lemma Kprime_subset_last_row_cong:
  assumes \<omega>: "\<omega> \<noteq> 0" "v \<omega> = 1"
  shows "Kprime v \<omega> n m \<subseteq> last_row_cong v n (m + 1)"
proof
  fix h assume "h \<in> Kprime v \<omega> n m"
  then obtain K where h: "h = Sigma_mat \<omega> n m * K * Sigma_inv \<omega> n m" and K: "K \<in> Kmirab v n (n * (m + 1))"
    unfolding Kprime_def by blast
  have Kc: "K \<in> carrier_mat n n"
    using K by (simp add: Kmirab_def Kmax_def)
  have "(h - 1\<^sub>m n) $$ (n - 1, j) \<in> val_ideal v (int (m + 1))" if j: "j < n" for j
  proof -
    define e where "e = (m + 1) * (n - 1 - j)"
    have entry: "h $$ (n - 1, j) = K $$ (n - 1, j) * inverse (\<omega> ^ e)"
      using diagonal_conj_entry[OF Kc, of "n - 1" j] j
      unfolding h Sigma_mat_def Sigma_inv_def e_def by simp
    have "m + 1 \<le> n * (m + 1)"
      using j by (cases n) simp_all
    then have le: "int (m + 1) \<le> int (n * (m + 1))"
      by (simp only: of_nat_le_iff)
    show ?thesis
    proof (cases "j = n - 1")
      case True
      then show ?thesis
        using K j entry val_ideal_mono[OF le] by (auto simp: Kmirab_def e_def h)
    next
      case False
      then have "K $$ (n - 1, j) \<in> val_ideal v (int (n * (m + 1)))"
        using K j by (simp add: Kmirab_def)
      moreover have "inverse (\<omega> ^ e) \<in> val_ideal v (- int e)"
        using inverse_mem_val_ideal[of "\<omega> ^ e"] \<omega> by (simp add: val_power)
      ultimately have "h $$ (n - 1, j) \<in> val_ideal v (int (n * (m + 1)) + - int e)"
        unfolding entry by (rule val_ideal_mult)
      moreover have "int (m + 1) \<le> int (n * (m + 1)) + - int e"
      proof -
        have "(m + 1) * (n - 1 - j + 1) \<le> (m + 1) * n"
          using j by (intro mult_le_mono2) simp
        then have "e + (m + 1) \<le> n * (m + 1)"
          by (simp add: e_def algebra_simps)
        then show ?thesis
          by linarith
      qed
      ultimately show ?thesis
        using j False val_ideal_mono by (simp add: h)
    qed
  qed
  moreover have "h \<in> carrier_mat n n"
    unfolding h Sigma_mat_def Sigma_inv_def using Kc by (intro mult_carrier_mat) auto
  ultimately show "h \<in> last_row_cong v n (m + 1)"
    by (simp add: last_row_cong_def del: index_minus_mat index_one_mat)
qed

end

section \<open>An integral basis of the ring of integers of \<open>E\<close>\<close>

locale unramified_minimax_setting =
  fixes v :: "'a::field \<Rightarrow> int" and \<omega> :: 'a and w :: "'b::field \<Rightarrow> int"
    and \<iota> :: "'a \<Rightarrow> 'b" and n m :: nat and \<beta> :: 'b
  assumes unramified_minimax: "unramified_minimax v \<omega> w \<iota> n m \<beta>"
begin

lemma local_field: "nonarch_local_field v"
  using unramified_minimax by (simp add: unramified_minimax_def)

sublocale F: discrete_valuation v
  using local_field by unfold_locales (simp add: nonarch_local_field_def)

sublocale E: discrete_valuation w
  using unramified_minimax by unfold_locales (simp add: unramified_minimax_def)

sublocale \<iota>: field_hom \<iota>
proof -
  have "field_embedding \<iota>"
    using unramified_minimax by (simp add: unramified_minimax_def)
  then show "field_hom \<iota>"
    unfolding field_embedding_def
    by unfold_locales (simp_all, metis add_cancel_right_right)
qed

lemmas [simp] = \<iota>.hom_add \<iota>.hom_mult \<iota>.hom_uminus \<iota>.hom_minus \<iota>.hom_sum

lemma uniformizer: "\<omega> \<noteq> 0" "v \<omega> = 1"
  using unramified_minimax by (simp_all add: unramified_minimax_def)

lemma val_embed: "x \<noteq> 0 \<Longrightarrow> w (\<iota> x) = v x"
  using unramified_minimax by (simp add: unramified_minimax_def)

lemma n_ge_2: "2 \<le> n"
  using unramified_minimax by (simp add: unramified_minimax_def)

lemma beta: "\<beta> \<noteq> 0" "w \<beta> = - int m"
  using unramified_minimax by (simp_all add: unramified_minimax_def)

lemma beta_comb_eq_0_imp: "(\<Sum>k<n. \<iota> (d k) * \<beta> ^ k) = 0 \<Longrightarrow> j < n \<Longrightarrow> d j = 0"
  using unramified_minimax unfolding unramified_minimax_def by blast

lemma embed_mem_val_ideal_iff [simp]: "\<iota> x \<in> val_ideal w r \<longleftrightarrow> x \<in> val_ideal v r"
  by (cases "x = 0") (simp_all add: val_ideal_def val_embed)

definition \<alpha> :: 'b where "\<alpha> = \<iota> (\<omega> ^ m) * \<beta>"

lemma val_alpha_power: "w (\<alpha> ^ k) = 0"
proof -
  have "w (\<iota> (\<omega> ^ m)) = int m"
    using uniformizer by (simp add: val_embed F.val_power)
  then have "w \<alpha> = 0"
    using beta uniformizer by (simp add: \<alpha>_def E.val_mult)
  then show ?thesis
    using beta uniformizer by (simp add: \<alpha>_def E.val_power)
qed

lemma alpha_power_mem_val_ring: "\<alpha> ^ k \<in> val_ring w"
  using val_alpha_power by (simp add: val_ideal_def)

lemma basis_eq_alpha_power: "\<iota> (\<omega> ^ (k * m)) * \<beta> ^ k = \<alpha> ^ k"
  unfolding \<alpha>_def power_mult_distrib by (simp add: \<iota>.hom_power mult.commute flip: power_mult)

lemma alpha_comb_eq_beta_comb:
  "(\<Sum>k<N. \<iota> (c k) * \<alpha> ^ k) = (\<Sum>k<N. \<iota> (c k * \<omega> ^ (k * m)) * \<beta> ^ k)"
  by (simp only: basis_eq_alpha_power[symmetric] \<iota>.hom_mult mult.assoc)

lemma alpha_comb_coeffs_unique:
  assumes "(\<Sum>k<n. \<iota> (c k) * \<alpha> ^ k) = (\<Sum>k<n. \<iota> (c' k) * \<alpha> ^ k)" "j < n"
  shows "c j = c' j"
proof -
  have "(\<Sum>k<n. \<iota> (c k - c' k) * \<alpha> ^ k) = 0"
    using assms(1) by (simp add: algebra_simps sum_subtractf)
  then have "(\<Sum>k<n. \<iota> ((c k - c' k) * \<omega> ^ (k * m)) * \<beta> ^ k) = 0"
    by (simp only: alpha_comb_eq_beta_comb)
  from beta_comb_eq_0_imp[OF this assms(2)] have "(c j - c' j) * \<omega> ^ (j * m) = 0"
    by simp
  then show ?thesis
    using uniformizer by simp
qed

lemma alpha_comb_exists: "\<exists>c. y = (\<Sum>k<n. \<iota> (c k) * \<alpha> ^ k)"
proof -
  obtain c where "y = (\<Sum>k<n. \<iota> (c k) * \<beta> ^ k)"
    using unramified_minimax unfolding unramified_minimax_def by blast
  also have "\<dots> = (\<Sum>k<n. \<iota> (c k / \<omega> ^ (k * m)) * \<alpha> ^ k)"
    using uniformizer by (simp only: alpha_comb_eq_beta_comb) simp
  finally show ?thesis
    by (intro exI[of _ "\<lambda>k. c k / \<omega> ^ (k * m)"])
qed

lemma alpha_comb_mem_val_ideal:
  "(\<And>k. k < N \<Longrightarrow> c k \<in> val_ideal v r) \<Longrightarrow> (\<Sum>k<N. \<iota> (c k) * \<alpha> ^ k) \<in> val_ideal w r"
  by (auto intro!: E.val_ideal_sum E.mult_val_ring alpha_power_mem_val_ring)

lemma alpha_comb_delta: "j < N \<Longrightarrow> (\<Sum>k<N. \<iota> (if k = j then 1 else 0) * \<alpha> ^ k) = \<alpha> ^ j"
  by (simp add: if_distrib[of \<iota>] if_distrib[of "\<lambda>x. x * _"] cong: if_cong)

definition residue_span :: "nat \<Rightarrow> 'b set" where
  "residue_span d =
     {y. \<exists>c. (\<forall>k. c k \<in> val_ring v) \<and> y - (\<Sum>k<d. \<iota> (c k) * \<alpha> ^ k) \<in> val_ideal w 1}"

lemma max_ideal_subset_residue_span: "val_ideal w 1 \<subseteq> residue_span d"
  by (auto simp: residue_span_def intro!: exI[of _ "\<lambda>_. 0"])

lemma residue_span_add:
  assumes "y \<in> residue_span d" "z \<in> residue_span d"
  shows "y + z \<in> residue_span d"
proof -
  obtain b c where b: "\<forall>k. b k \<in> val_ring v" "y - (\<Sum>k<d. \<iota> (b k) * \<alpha> ^ k) \<in> val_ideal w 1"
    and c: "\<forall>k. c k \<in> val_ring v" "z - (\<Sum>k<d. \<iota> (c k) * \<alpha> ^ k) \<in> val_ideal w 1"
    using assms by (auto simp: residue_span_def)
  have "y + z - (\<Sum>k<d. \<iota> (b k + c k) * \<alpha> ^ k) =
      (y - (\<Sum>k<d. \<iota> (b k) * \<alpha> ^ k)) + (z - (\<Sum>k<d. \<iota> (c k) * \<alpha> ^ k))"
    by (simp add: algebra_simps sum.distrib)
  also have "\<dots> \<in> val_ideal w 1"
    using b(2) c(2) by (rule E.val_ideal_add)
  finally show ?thesis
    using b(1) c(1) unfolding residue_span_def
    by (intro CollectI exI[of _ "\<lambda>k. b k + c k"]) (simp add: F.val_ideal_add)
qed

lemma residue_span_scale:
  assumes "x \<in> val_ring v" "y \<in> residue_span d"
  shows "\<iota> x * y \<in> residue_span d"
proof -
  obtain c where c: "\<forall>k. c k \<in> val_ring v" "y - (\<Sum>k<d. \<iota> (c k) * \<alpha> ^ k) \<in> val_ideal w 1"
    using assms by (auto simp: residue_span_def)
  have "\<iota> x * y - (\<Sum>k<d. \<iota> (x * c k) * \<alpha> ^ k) = \<iota> x * (y - (\<Sum>k<d. \<iota> (c k) * \<alpha> ^ k))"
    by (simp add: algebra_simps sum_distrib_left)
  also have "\<dots> \<in> val_ideal w 1"
    using assms(1) c(2) by (intro E.val_ring_mult) simp_all
  finally show ?thesis
    using assms(1) c(1) unfolding residue_span_def
    by (intro CollectI exI[of _ "\<lambda>k. x * c k"]) (simp add: F.val_ring_mult)
qed

lemma residue_span_diff:
  assumes "y \<in> residue_span d" "z \<in> residue_span d"
  shows "y - z \<in> residue_span d"
  using residue_span_add[OF assms(1) residue_span_scale[OF _ assms(2), of "-1"]]
  by (simp add: val_ideal_def)

lemma zero_mem_residue_span: "0 \<in> residue_span d"
  using max_ideal_subset_residue_span zero_mem_val_ideal by (rule subsetD)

**WORK REQUEST**
The line containing "(simp add: F.val_ring_mult)" marks the start; retype it and each line after it through the end of the records above, exactly.

**TASK SOLUTION**
    by (intro CollectI exI[of _ "\<lambda>k. x * c k"]) (simp add: F.val_ring_mult)
qed

lemma residue_span_diff:
  assumes "y \<in> residue_span d" "z \<in> residue_span d"
  shows "y - z \<in> residue_span d"
  using residue_span_add[OF assms(1) residue_span_scale[OF _ assms(2), of "-1"]]
  by (simp add: val_ideal_def)

lemma zero_mem_residue_span: "0 \<in> residue_span d"
  using max_ideal_subset_residue_span zero_mem_val_ideal by (rule subsetD)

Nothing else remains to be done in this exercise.